◆ **EXERCISE REQUIREMENTS**
Copy all lines holding the word "UNIV" from the entries.

◆ **Saved entries**
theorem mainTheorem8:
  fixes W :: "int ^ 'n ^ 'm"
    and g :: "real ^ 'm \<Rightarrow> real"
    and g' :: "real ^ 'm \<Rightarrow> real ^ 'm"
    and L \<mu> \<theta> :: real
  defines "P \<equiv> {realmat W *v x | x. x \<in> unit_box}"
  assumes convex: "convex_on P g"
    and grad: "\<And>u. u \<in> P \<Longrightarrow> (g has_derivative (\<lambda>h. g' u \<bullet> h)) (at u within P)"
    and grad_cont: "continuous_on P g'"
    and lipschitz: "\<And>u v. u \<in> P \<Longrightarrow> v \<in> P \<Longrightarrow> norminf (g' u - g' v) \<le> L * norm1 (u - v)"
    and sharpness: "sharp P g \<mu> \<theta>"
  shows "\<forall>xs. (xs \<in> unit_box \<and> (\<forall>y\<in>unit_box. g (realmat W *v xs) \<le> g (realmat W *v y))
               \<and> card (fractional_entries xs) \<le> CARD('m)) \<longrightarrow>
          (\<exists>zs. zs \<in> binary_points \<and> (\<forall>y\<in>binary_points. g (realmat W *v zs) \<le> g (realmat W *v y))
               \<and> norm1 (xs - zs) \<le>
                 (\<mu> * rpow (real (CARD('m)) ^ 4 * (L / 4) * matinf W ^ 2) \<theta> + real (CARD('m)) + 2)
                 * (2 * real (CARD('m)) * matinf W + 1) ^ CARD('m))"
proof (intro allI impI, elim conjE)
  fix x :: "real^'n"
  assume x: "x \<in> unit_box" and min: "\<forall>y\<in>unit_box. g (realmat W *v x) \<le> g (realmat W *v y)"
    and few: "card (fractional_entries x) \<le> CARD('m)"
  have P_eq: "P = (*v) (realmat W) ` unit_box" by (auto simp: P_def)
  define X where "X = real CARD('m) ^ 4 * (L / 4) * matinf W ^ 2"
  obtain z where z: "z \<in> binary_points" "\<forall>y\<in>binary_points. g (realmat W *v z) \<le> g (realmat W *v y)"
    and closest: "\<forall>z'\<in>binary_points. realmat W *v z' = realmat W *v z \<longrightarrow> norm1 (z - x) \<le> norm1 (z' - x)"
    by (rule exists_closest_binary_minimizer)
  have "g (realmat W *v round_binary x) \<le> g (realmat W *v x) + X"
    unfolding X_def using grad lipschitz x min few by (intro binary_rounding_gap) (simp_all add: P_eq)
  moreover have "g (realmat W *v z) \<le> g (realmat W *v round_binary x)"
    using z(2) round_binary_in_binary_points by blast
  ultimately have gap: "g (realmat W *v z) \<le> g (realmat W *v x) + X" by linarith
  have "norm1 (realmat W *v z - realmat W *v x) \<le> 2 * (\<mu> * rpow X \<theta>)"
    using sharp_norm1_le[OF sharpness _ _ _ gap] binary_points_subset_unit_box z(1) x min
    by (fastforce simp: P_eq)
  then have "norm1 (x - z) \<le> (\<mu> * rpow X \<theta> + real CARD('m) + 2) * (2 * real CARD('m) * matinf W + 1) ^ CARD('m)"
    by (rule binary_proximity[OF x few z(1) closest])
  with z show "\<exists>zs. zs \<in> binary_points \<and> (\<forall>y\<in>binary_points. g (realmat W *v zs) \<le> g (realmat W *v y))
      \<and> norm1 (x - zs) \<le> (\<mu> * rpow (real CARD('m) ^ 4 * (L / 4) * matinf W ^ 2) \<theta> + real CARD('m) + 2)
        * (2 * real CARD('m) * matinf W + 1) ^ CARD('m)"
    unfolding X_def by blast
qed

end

==

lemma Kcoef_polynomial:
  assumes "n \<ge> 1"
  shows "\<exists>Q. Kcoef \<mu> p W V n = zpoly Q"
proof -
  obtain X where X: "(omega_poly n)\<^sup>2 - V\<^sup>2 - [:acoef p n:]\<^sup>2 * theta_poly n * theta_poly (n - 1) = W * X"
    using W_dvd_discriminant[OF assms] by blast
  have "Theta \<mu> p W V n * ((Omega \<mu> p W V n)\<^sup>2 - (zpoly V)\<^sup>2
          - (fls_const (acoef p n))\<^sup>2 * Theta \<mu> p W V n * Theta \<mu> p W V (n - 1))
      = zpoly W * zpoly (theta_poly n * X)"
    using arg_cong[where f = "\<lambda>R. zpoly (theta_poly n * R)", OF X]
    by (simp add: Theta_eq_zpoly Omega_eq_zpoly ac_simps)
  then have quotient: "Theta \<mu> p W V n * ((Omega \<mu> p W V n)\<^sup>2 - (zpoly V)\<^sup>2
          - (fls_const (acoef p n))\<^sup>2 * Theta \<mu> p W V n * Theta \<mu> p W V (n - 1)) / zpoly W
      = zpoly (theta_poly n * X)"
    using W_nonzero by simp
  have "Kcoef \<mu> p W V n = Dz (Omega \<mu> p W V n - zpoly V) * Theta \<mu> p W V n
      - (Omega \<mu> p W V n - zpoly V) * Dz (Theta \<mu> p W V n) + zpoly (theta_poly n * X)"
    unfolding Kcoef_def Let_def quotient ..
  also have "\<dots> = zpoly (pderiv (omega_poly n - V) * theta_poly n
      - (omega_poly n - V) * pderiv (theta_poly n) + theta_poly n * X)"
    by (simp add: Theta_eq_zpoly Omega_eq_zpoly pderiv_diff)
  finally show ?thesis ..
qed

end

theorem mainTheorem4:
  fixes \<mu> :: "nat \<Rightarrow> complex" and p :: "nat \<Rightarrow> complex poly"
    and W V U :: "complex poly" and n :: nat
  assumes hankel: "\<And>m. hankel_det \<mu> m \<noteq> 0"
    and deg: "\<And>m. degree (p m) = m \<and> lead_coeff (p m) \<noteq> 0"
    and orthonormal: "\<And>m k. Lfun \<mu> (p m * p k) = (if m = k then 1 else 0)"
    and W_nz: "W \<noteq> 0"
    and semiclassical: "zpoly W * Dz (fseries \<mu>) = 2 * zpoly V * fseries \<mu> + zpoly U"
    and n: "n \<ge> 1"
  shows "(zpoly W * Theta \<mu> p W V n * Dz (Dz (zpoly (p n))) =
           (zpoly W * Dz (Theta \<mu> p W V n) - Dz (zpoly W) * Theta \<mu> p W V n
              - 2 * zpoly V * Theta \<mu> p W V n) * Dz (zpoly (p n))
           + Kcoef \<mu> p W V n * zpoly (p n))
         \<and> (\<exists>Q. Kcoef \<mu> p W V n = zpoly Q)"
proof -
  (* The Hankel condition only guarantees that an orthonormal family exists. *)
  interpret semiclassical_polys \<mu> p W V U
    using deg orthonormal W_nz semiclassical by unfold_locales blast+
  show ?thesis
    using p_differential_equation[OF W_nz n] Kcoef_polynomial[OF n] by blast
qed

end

--

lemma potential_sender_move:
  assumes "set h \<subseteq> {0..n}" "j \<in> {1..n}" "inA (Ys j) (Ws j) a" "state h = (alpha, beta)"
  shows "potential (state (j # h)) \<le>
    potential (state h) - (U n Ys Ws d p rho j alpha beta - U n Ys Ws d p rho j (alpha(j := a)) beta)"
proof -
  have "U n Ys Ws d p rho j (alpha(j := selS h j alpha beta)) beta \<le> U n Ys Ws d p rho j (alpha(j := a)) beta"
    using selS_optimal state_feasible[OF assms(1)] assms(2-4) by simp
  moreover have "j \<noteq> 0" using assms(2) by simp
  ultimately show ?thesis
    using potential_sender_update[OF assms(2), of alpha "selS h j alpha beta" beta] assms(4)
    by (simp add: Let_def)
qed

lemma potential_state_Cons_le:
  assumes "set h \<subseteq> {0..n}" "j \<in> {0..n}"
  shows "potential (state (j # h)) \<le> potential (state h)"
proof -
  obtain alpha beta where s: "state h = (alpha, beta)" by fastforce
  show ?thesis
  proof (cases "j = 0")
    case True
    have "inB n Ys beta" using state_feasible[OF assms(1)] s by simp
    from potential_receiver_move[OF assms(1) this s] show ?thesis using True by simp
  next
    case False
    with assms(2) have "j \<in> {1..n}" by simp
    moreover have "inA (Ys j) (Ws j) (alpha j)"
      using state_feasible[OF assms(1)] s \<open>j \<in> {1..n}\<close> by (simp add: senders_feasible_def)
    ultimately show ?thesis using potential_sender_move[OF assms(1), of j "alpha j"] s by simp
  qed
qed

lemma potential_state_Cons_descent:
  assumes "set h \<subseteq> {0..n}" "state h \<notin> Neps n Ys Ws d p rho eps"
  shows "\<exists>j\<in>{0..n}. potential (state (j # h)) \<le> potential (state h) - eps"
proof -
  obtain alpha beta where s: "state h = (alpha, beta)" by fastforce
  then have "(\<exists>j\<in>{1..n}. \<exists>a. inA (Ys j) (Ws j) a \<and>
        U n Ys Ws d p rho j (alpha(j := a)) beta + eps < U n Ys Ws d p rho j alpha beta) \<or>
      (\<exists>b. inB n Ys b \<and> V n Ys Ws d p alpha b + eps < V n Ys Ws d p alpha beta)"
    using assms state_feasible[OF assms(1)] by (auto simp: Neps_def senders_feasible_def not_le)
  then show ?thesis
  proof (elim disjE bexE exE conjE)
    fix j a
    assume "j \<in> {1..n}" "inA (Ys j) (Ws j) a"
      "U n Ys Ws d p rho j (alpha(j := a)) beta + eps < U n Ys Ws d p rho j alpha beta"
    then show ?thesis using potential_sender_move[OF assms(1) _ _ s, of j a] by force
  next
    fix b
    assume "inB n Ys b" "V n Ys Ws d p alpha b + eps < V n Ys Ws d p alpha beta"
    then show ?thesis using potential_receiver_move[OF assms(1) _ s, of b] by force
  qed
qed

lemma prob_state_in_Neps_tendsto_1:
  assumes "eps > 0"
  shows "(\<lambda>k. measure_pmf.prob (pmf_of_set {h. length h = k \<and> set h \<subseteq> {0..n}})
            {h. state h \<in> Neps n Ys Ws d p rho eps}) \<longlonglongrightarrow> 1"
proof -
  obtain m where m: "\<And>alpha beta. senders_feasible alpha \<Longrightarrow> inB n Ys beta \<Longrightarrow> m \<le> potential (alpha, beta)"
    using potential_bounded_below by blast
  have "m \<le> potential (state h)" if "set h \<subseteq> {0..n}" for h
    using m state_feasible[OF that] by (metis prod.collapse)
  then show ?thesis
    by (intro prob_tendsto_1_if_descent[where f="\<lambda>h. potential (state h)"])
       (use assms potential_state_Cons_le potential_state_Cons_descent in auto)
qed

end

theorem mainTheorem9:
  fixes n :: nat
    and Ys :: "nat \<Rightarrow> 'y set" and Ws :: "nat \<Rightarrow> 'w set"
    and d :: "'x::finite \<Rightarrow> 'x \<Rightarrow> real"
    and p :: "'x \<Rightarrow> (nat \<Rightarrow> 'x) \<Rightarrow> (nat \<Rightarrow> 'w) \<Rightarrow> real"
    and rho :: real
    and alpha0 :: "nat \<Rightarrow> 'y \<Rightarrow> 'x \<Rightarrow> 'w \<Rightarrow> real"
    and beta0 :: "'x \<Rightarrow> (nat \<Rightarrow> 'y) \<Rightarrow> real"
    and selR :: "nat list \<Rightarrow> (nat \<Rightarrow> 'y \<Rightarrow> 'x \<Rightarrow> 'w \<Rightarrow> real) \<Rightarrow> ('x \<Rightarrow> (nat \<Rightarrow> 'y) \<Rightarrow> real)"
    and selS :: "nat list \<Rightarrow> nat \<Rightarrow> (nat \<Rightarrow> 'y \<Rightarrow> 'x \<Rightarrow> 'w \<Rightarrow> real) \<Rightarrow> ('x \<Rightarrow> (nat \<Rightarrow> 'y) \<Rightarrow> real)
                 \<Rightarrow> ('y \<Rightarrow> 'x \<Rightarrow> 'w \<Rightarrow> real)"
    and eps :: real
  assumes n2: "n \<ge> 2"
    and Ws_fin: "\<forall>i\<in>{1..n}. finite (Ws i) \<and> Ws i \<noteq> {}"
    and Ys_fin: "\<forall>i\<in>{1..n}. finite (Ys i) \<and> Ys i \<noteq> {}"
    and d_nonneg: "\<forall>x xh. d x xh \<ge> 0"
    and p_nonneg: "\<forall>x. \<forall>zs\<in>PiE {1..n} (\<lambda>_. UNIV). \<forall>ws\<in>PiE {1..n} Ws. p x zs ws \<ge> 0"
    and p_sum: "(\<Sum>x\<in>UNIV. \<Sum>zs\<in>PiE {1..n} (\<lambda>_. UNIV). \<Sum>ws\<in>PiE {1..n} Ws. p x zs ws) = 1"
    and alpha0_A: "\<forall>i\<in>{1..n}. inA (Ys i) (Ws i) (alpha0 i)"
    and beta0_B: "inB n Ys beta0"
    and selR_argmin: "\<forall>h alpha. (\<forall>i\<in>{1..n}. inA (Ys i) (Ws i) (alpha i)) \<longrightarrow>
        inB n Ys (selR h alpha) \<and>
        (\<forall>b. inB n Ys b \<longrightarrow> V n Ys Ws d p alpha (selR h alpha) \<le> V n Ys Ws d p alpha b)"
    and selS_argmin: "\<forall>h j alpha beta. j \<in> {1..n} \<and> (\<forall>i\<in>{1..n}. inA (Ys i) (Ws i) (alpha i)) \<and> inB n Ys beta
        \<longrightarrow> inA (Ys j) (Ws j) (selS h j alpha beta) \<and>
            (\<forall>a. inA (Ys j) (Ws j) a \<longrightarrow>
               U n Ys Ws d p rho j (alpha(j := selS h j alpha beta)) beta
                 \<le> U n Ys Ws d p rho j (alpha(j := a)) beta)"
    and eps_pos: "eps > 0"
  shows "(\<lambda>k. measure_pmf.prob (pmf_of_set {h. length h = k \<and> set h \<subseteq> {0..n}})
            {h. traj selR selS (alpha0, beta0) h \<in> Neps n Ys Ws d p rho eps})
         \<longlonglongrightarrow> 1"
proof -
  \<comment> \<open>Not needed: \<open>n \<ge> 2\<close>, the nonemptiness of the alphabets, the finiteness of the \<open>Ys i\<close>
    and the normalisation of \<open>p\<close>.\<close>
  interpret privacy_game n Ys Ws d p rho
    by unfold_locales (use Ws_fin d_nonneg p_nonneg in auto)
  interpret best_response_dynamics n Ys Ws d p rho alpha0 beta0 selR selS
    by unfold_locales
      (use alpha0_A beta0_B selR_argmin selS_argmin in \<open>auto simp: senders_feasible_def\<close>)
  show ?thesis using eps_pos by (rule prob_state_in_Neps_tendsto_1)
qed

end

◆ **ANSWER TO THIS PROBLEM**
    and p_nonneg: "\<forall>x. \<forall>zs\<in>PiE {1..n} (\<lambda>_. UNIV). \<forall>ws\<in>PiE {1..n} Ws. p x zs ws \<ge> 0"
    and p_sum: "(\<Sum>x\<in>UNIV. \<Sum>zs\<in>PiE {1..n} (\<lambda>_. UNIV). \<Sum>ws\<in>PiE {1..n} Ws. p x zs ws) = 1"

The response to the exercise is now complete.